- _YOUR GOAL_
Where a line below includes the word "classifier", copy that line.

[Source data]
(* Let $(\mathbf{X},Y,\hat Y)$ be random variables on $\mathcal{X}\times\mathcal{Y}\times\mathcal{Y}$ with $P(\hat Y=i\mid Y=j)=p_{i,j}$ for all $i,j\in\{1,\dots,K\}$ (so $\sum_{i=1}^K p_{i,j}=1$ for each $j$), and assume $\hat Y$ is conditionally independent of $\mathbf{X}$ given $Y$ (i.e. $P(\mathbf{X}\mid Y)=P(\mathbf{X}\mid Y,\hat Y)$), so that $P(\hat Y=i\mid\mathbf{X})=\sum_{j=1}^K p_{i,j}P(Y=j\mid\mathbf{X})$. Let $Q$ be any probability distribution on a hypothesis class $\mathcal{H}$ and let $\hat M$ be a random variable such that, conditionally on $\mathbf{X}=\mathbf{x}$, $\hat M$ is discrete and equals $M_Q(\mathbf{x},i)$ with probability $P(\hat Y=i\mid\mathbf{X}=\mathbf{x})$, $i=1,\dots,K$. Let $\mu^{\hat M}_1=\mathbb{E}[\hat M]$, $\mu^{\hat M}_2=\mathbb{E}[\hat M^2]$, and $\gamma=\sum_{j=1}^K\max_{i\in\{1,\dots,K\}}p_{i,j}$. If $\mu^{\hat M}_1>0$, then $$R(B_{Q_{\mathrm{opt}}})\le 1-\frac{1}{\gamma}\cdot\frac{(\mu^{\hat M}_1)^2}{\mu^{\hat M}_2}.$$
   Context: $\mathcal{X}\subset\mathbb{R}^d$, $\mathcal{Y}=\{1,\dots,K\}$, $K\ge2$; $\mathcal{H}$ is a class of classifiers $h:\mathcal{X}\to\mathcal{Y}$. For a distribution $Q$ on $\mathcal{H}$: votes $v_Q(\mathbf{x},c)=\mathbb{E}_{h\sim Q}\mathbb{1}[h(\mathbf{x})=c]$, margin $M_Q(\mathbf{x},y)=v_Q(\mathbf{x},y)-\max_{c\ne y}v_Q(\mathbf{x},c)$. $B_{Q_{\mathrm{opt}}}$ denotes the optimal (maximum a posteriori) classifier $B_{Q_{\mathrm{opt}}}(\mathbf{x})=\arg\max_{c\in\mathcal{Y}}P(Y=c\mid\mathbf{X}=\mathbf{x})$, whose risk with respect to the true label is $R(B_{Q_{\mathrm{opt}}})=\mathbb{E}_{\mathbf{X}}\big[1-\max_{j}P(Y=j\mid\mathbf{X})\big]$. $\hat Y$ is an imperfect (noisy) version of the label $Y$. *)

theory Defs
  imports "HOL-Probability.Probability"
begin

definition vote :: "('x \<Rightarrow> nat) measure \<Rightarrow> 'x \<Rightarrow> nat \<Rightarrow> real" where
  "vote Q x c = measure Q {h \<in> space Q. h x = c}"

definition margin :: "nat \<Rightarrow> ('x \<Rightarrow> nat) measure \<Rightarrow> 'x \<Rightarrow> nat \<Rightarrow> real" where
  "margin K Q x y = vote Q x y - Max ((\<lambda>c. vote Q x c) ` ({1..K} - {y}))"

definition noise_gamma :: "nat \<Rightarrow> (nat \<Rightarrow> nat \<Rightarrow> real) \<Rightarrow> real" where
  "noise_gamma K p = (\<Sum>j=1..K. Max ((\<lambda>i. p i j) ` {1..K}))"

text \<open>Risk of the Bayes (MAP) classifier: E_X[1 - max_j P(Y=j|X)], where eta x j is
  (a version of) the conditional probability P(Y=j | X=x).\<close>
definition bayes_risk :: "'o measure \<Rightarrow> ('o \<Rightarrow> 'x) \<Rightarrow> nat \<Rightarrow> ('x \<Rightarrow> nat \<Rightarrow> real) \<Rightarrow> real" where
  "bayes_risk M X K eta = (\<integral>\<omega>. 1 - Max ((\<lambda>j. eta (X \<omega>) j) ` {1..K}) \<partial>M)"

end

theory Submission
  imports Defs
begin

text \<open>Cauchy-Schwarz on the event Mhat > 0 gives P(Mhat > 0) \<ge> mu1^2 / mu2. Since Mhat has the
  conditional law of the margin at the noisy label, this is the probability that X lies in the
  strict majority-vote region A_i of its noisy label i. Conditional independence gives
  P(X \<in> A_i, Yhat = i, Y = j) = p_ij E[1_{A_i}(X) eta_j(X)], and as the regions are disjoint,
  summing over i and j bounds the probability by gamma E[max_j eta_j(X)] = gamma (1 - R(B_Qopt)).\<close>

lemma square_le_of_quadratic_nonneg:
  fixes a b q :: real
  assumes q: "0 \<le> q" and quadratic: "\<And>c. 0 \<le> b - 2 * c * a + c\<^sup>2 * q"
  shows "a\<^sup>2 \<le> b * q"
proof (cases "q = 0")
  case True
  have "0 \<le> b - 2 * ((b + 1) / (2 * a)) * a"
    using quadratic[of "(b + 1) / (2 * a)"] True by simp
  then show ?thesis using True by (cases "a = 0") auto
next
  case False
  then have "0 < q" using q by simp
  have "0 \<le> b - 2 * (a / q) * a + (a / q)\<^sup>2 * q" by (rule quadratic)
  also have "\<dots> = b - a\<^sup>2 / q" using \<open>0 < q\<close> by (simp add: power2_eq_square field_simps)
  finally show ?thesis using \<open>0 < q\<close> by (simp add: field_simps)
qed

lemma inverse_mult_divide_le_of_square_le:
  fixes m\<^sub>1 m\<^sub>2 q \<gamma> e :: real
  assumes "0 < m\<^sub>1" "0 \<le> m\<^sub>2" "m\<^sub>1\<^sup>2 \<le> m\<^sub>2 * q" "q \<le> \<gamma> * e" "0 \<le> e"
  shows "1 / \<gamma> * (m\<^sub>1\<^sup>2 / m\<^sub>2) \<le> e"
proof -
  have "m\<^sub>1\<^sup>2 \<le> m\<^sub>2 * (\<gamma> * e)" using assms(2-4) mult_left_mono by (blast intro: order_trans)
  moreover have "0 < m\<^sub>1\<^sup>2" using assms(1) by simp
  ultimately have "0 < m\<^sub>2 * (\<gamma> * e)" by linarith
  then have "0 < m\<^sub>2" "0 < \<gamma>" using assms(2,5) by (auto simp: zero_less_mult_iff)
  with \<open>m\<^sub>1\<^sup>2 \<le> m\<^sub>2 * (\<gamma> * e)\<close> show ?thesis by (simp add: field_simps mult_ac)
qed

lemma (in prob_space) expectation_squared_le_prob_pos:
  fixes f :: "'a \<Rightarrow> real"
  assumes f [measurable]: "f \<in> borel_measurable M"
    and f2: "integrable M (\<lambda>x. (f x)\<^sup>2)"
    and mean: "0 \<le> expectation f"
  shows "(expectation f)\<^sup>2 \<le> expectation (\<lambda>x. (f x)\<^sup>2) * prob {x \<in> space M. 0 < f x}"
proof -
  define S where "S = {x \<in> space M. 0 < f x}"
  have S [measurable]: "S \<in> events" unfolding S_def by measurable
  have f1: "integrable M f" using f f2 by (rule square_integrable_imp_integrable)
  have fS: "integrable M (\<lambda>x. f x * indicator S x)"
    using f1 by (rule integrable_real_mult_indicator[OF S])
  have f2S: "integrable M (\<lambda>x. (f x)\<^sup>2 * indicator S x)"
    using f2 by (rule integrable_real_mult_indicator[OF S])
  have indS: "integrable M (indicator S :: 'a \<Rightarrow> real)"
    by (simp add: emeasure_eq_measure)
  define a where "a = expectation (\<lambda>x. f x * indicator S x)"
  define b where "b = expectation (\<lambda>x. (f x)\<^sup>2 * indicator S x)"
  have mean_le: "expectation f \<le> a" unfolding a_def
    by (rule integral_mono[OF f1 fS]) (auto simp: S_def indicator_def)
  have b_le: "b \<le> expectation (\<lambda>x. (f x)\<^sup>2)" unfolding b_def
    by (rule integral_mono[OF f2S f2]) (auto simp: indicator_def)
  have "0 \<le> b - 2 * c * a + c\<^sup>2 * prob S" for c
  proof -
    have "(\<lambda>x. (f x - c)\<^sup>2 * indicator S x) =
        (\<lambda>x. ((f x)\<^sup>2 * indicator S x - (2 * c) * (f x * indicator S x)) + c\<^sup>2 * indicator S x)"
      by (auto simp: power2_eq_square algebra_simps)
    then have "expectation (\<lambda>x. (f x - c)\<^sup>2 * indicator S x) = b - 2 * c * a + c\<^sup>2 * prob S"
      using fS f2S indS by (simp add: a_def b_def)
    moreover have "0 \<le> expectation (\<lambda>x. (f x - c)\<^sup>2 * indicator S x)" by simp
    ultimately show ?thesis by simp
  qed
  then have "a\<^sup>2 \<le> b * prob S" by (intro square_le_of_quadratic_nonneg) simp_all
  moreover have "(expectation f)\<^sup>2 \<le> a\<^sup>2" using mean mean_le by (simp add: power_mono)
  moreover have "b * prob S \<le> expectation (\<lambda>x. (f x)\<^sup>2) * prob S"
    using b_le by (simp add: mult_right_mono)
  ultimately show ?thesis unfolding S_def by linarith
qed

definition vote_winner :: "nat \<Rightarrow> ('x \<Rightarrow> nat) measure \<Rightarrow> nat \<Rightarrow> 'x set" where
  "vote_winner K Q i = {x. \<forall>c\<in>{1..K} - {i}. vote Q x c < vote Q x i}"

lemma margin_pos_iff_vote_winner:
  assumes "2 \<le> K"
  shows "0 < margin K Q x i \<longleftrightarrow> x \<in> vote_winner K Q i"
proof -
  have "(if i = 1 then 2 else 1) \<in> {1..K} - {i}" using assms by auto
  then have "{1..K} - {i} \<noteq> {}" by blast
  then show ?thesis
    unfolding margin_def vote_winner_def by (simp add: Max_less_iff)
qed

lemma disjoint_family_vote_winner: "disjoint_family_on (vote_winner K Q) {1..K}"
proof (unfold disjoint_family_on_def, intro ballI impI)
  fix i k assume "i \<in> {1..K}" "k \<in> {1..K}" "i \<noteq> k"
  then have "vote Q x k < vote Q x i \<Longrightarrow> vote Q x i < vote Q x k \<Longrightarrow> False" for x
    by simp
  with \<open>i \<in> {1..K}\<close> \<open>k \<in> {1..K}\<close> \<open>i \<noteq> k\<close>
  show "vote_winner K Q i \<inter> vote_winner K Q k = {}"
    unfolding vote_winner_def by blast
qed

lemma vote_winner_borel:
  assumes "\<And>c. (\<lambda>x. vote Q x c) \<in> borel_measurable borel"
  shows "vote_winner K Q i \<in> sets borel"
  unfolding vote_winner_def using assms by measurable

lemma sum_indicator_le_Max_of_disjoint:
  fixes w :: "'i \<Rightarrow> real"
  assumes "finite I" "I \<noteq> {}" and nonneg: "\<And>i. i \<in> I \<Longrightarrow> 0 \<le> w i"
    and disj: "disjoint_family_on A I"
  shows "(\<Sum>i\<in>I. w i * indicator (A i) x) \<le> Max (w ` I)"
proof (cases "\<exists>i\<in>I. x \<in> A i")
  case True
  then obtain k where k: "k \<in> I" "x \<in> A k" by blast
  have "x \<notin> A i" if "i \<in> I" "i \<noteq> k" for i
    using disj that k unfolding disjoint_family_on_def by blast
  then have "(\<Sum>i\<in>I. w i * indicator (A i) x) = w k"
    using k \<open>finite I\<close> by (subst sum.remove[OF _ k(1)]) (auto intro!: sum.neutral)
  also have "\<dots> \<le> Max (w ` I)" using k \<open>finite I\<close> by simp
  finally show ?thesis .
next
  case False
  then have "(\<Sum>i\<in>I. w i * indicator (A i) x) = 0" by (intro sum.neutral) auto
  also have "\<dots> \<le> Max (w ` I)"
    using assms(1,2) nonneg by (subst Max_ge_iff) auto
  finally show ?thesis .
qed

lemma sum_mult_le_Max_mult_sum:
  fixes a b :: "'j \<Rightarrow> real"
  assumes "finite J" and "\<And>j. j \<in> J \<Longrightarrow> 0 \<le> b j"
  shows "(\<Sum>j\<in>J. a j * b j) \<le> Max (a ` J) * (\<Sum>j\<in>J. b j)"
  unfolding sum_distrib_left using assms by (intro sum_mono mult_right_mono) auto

- _OUTPUT_
   Context: $\mathcal{X}\subset\mathbb{R}^d$, $\mathcal{Y}=\{1,\dots,K\}$, $K\ge2$; $\mathcal{H}$ is a class of classifiers $h:\mathcal{X}\to\mathcal{Y}$. For a distribution $Q$ on $\mathcal{H}$: votes $v_Q(\mathbf{x},c)=\mathbb{E}_{h\sim Q}\mathbb{1}[h(\mathbf{x})=c]$, margin $M_Q(\mathbf{x},y)=v_Q(\mathbf{x},y)-\max_{c\ne y}v_Q(\mathbf{x},c)$. $B_{Q_{\mathrm{opt}}}$ denotes the optimal (maximum a posteriori) classifier $B_{Q_{\mathrm{opt}}}(\mathbf{x})=\arg\max_{c\in\mathcal{Y}}P(Y=c\mid\mathbf{X}=\mathbf{x})$, whose risk with respect to the true label is $R(B_{Q_{\mathrm{opt}}})=\mathbb{E}_{\mathbf{X}}\big[1-\max_{j}P(Y=j\mid\mathbf{X})\big]$. $\hat Y$ is an imperfect (noisy) version of the label $Y$. *)
text \<open>Risk of the Bayes (MAP) classifier: E_X[1 - max_j P(Y=j|X)], where eta x j is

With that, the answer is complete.